Montessori moving to White Center location
Mon, 06/16/2008
The West Seattle Montessori has found a new location in White Center, leaving many parents upset and considering pulling their children out to go to other schools.
Last February, Harbor Properties bought the property on 38th Avenue Southwest between Fauntleroy and Alaska Street, where the Montessori school has been for 28 years. The development, the third by the company going up in the Junction, will be five stories, 206 apartments on top of ground level retail.
The school was given until January 2009 to move out.
Ralph Clark, his wife Dorothy, and Darlene Rautio, the owner-directors of the school, scoured West Seattle for a new location. While considering places such as the Fauntleroy School House and the empty Fairmont Park, they found what they thought was the perfect location. They knew parents may not be happy.
"People are not vocal about the change," said Ralph Clark. "They know we have looked and looked, and there's no place else."
While most of the staff and parents were excited by the move, some complained the directors' decision was hasty, their plans overly optimistic. Many refused to speak on record.

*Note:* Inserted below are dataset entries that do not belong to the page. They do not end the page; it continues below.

(* Let $A$ be a finite set of atoms, and let $t,s$ be nominal terms of the same sort and $\nabla$ a freshness context, all based on $A$. If $\{X:t\triangleq s\};\emptyset;\emptyset;\varepsilon\Longrightarrow^{+}\emptyset;S;\Gamma;\sigma$ is a derivation of the algorithm $\mathfrak N$ (with parameters $A$ and $\nabla$, $X$ a fresh variable), then $\langle\Gamma,X\sigma\rangle$ is an $A$-based generalization of $\langle\nabla,t\rangle$ and $\langle\nabla,s\rangle$.
   Context: Nominal terms $t::=f(t_1,\dots,t_n)\mid a\mid a.t\mid \pi\cdot X$ over sorted atoms, variables and function symbols; $\pi$ is a permutation (finite sequence of swappings $(a\,b)$ of same-sorted atoms; $\mathit{Id}$ the empty one, $\pi^{-1}$ the reversed sequence); $\pi\bullet t$ is the swapping action ($(a\,b)$ exchanges $a,b$ everywhere, $(a\,b)\bullet(\pi\cdot X)=((a\,b)\pi)\cdot X$, sequences act right to left); a permutation denotes a bijection on atoms. $\mathrm{Atoms}(\cdot)$ is the set of atoms occurring. Substitutions map variables to terms of the same sort, application $t\sigma$ allows atom capture and $(\pi\cdot X)\sigma=\pi\bullet(X\sigma)$; $\sigma\vartheta$ is composition (first $\sigma$), $\varepsilon$ the identity. A freshness context is a finite set of constraints $a\# X$. Judgments: $\nabla\vdash a\approx a$; $\nabla\vdash a.t\approx a.t'$ if $\nabla\vdash t\approx t'$; $\nabla\vdash a.t\approx a'.t'$ if $a\neq a'$, $\nabla\vdash t\approx(a\,a')\bullet t'$ and $\nabla\vdash a\# t'$; $\nabla\vdash\pi\cdot X\approx\pi'\cdot X$ if $a\# X\in\nabla$ for all $a$ with $\pi\bullet a\neq\pi'\bullet a$; applications componentwise; $\nabla\vdash a\# a'$ if $a\ne a'$; $\nabla\vdash a\#\pi\cdot X$ if $\pi^{-1}\bullet a\# X\in\nabla$; $a\#$ distributes over applications; $\nabla\vdash a\# a.t$; $\nabla\vdash a\# a'.t$ if $a\ne a'$ and $\nabla\vdash a\# t$. ${\sf FC}(F)$ for a finite set $F$ of formulas $a\# t$: starting from $F;\emptyset$ apply as long as possible $\{a\# b\}\uplus F';\Delta\Rightarrow F';\Delta$ ($a\neq b$); $\{a\# a.t\}\uplus F';\Delta\Rightarrow F';\Delta$; $\{a\# b.t\}\uplus F';\Delta\Rightarrow\{a\# t\}\cup F';\Delta$ ($a\neq b$); $\{a\# f(t_1,..,t_n)\}\uplus F';\Delta\Rightarrow\{a\# t_1,..,a\# t_n\}\cup F';\Delta$; $\{a\#\pi\cdot X\}\uplus F';\Delta\Rightarrow F';\{\pi^{-1}\bullet a\# X\}\cup\Delta$; result $\Delta$ if the terminal state is $\emptyset;\Delta$, $\bot$ if it contains some $a\# a$. $\nabla\sigma:={\sf FC}(\{a\# X\sigma\mid a\# X\in\nabla\})$. $\sigma$ respects $\nabla$ if for each $X$ no $a$ with $a\# X\in\nabla$ occurs free in $X\sigma$ outside suspensions. A term-in-context is $\langle\nabla,t\rangle$; $\langle\nabla_1,t_1\rangle\preceq\langle\nabla_2,t_2\rangle$ iff some $\sigma$ respecting $\nabla_1$ has $\nabla_1\sigma\subseteq\nabla_2$ and $\nabla_2\vdash t_1\sigma\approx t_2$. A generalization of $p_1,p_2$ is $p$ with $p\preceq p_1$, $p\preceq p_2$. A term/freshness context is $A$-based if all its atoms lie in $A$; a term-in-context is $A$-based if both components are; an $A$-based generalization is a generalization that is $A$-based. Algorithm $\mathfrak N$ (parameters: finite atom set $A$, $A$-based freshness context $\nabla$). An AUT is $X:t\triangleq s$ ($X$ a generalization variable of the sort of $t,s$). States are $P;S;\Gamma;\sigma$ with $P,S$ sets of AUTs (each generalization variable occurring only once in $P\cup S$), $\Gamma$ a freshness context, $\sigma$ a substitution. Rules: Dec: $\{X:h(t_1,..,t_m)\triangleq h(s_1,..,s_m)\}\uplus P;S;\Gamma;\sigma\Rightarrow\{Y_1:t_1\triangleq s_1,..,Y_m:t_m\triangleq s_m\}\cup P;S;\Gamma;\sigma\{X\mapsto h(Y_1,..,Y_m)\}$, $h$ a function symbol or an atom ($m\ge0$), $Y_i$ fresh. Abs: $\{X:a.t\triangleq b.s\}\uplus P;S;\Gamma;\sigma\Rightarrow\{Y:(c\,a)\bullet t\triangleq(c\,b)\bullet s\}\cup P;S;\Gamma;\sigma\{X\mapsto c.Y\}$, $Y$ fresh, $c\in A$ with $\nabla\vdash c\# a.t$ and $\nabla\vdash c\# b.s$. Sol: $\{X:t\triangleq s\}\uplus P;S;\Gamma;\sigma\Rightarrow P;S\cup\{X:t\triangleq s\};\Gamma\cup\Gamma';\sigma$ where $\Gamma'=\{a\# X\mid a\in A,\nabla\vdash a\# t,\nabla\vdash a\# s\}$, applicable only when Dec and Abs do not apply to this AUT, i.e. (a) $t,s$ have distinct heads (head of $f(\dots)$ is $f$, of $a$ is $a$, of an abstraction is the abstraction symbol, of $\pi\cdot X$ is $X$), or (b) both are suspensions, or (c) both are abstractions $a.t',b.s'$ with no $c\in A$ satisfying $\nabla\vdash c\# a.t'$ and $\nabla\vdash c\# b.s'$. Mer: $P;\{X:t_1\triangleq s_1,Y:t_2\triangleq s_2\}\uplus S;\Gamma;\sigma\Rightarrow P;\{X:t_1\triangleq s_1\}\cup S;\Gamma\{Y\mapsto\pi\cdot X\};\sigma\{Y\mapsto\pi\cdot X\}$, where $\pi$ is an $\mathrm{Atoms}(t_1,s_1,t_2,s_2)$-based permutation with $\nabla\vdash\pi\bullet t_1\approx t_2$ and $\nabla\vdash\pi\bullet s_1\approx s_2$. *)

theory Defs
  imports Main
begin

datatype ('as,'ds) srt = AtomS 'as | DataS 'ds | AbsS 'as "('as,'ds) srt"

record ('a,'as,'ds,'v,'f) nsig =
  atom_sort :: "'a \<Rightarrow> 'as"
  var_sort  :: "'v \<Rightarrow> ('as,'ds) srt"
  fun_sig   :: "'f \<Rightarrow> ('as,'ds) srt list \<times> 'ds"

text \<open>Fn f ts = f(t1..tn); At a = atom; Ab a t = a.t; Su pi X = pi.X.
  A permutation is a list of swappings [(a1,b1),...,(an,bn)] = (a1 b1)...(an bn),
  acting right to left.\<close>
datatype ('a,'v,'f) trm =
    Fn 'f "('a,'v,'f) trm list"
  | At 'a
  | Ab 'a "('a,'v,'f) trm"
  | Su "('a \<times> 'a) list" 'v

definition swap_atom :: "'a \<Rightarrow> 'a \<Rightarrow> 'a \<Rightarrow> 'a" where
  "swap_atom a b c = (if c = a then b else if c = b then a else c)"

fun perm :: "('a \<times> 'a) list \<Rightarrow> 'a \<Rightarrow> 'a" where
  "perm [] c = c"
| "perm ((a,b) # \<pi>) c = swap_atom a b (perm \<pi> c)"

text \<open>The inverse permutation is the reversed sequence: perm (rev pi).\<close>

definition perm_atoms :: "('a \<times> 'a) list \<Rightarrow> 'a set" where
  "perm_atoms \<pi> = fst ` set \<pi> \<union> snd ` set \<pi>"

"They made a half-hearted attempt at involving us," one parent said. Directors asked them to talk to Harbor Properties, to testify at a school board meeting.
"It was a royal waste of time," this parent said.
They new building is in Shorewood, on 16th Avenue Southwest, the four-lane arterial running through White Center. Burien city limits are four blocks to the south. The carved sign welcoming north-bound drivers to White Center is two blocks south.
"We'll keep the name of the school," said Clark. "We're not going to call it Unincorporated King County Montessori."
On the way out of the building are Crosswalk Ministries, "Worship Sundays 11:00 a.m." and Tienda Cuzcatlan, a distributor of products from Central America. The back half of the building looks empty.
Trimmed pink rhododendrons circle the building. So does a rusted chain link fence.
The building needs extensive remodeling. Small offices will be gutted. Six new preschool-through-kindergarten classes each need a bathroom. Three more elementary rooms and a middle school room each need a sink.
The school leaves behind three western red cedars and murals showing savannah, marine, desert and rain forest animals, signed in paint with students' handprints.
Clark wants to keep the huge tractor tire from the old playground. Six feet in diameter and weighing a ton, it has been a great for climbing. Wooden structures set in concrete must be abandoned and replaced. Rubber mats will replace wood chips.
Dorothy Clark will take the daffodils, tulips and heather the students planted.
The low estimate was $150,000. The high, over $400,000.
"I don't believe in either estimate," said Ralph Clark, hoping it will be in between.
They hope the first day in the new school will be the Wednesday after Labor Day. They'd don't want to upset students by moving in the middle of the school year.
But if renovation isn't complete, they'll move during Christmas break.
"I know it's not the way our staff would like to spend their holiday," said Rautio. "We are feeling really positive to open in September."
Parents complained about a lack of information. Since April, only two updates about the new building, promised weekly, have been distributed.
"They haven't actually signed a lease," one parent claimed. "They have yet to see how much the landlord is going to pay for changes. If they had signed a lease, they would have told us."
"The building is leased," said Rautio, when asked - for twenty years. "It's all buttoned up."
The architect is applying for permits. Contractors are being hired. The work still has to be done.
"I have low confidence the process will go as fast as they think it will," said one parent.
The directors said they had searched though everything in West Seattle.
Harbor Properties invited the school back, but to inadequate space and no outside playground.
The Old Fauntleroy School House wasn't big enough, the Montessori competing with the day care there.
Fairmont Park, less than one mile south, was attractive. The Seattle School District recently changed its rules, offering empty school buildings at discounted rent to educational organizations. But the building was twice what the school needed. Triple-net responsibility (all taxes, insurance and maintenance) plus an estimated $3 million for renovation, scared the directors off.
"I don't think they exhausted their options," one parent complained.
The new location is five miles south.
"We were told the priority was west of 35th and north of Roxbury," one parent said. "This new location is neither."
Though most live in West Seattle, some parents commute from Queen Anne, Kent, Des Moines. One family drives from Preston, near Issaquah. For some, the drive against the traffic to the new location may be quicker.
"It's bad for people if they work downtown and they live in the Admiral District," said Linda Lubow, a parent who carpools from Seward Park. "It wouldn't make any sense for them to stay."
Even while complaining, parents are quick to praise the teachers and the education.
"If they communicated with us as well as they communicate with our children," said one parent, "then we would have a better feeling about the move."
At least one family has pulled its children out because of the move.
"I'm going to give it one more year," said another parent. "My pro-list is still longer than the con-list, but it's getting shorter."
Parents have already paid the first two of 10 tuition payments for the next school year.
How many students return won't be clear until autumn. The directors admit numbers may be down. Usually word-of-mouth brings in new students.
"This might be the first time we have to have an advertising campaign," said Ralph.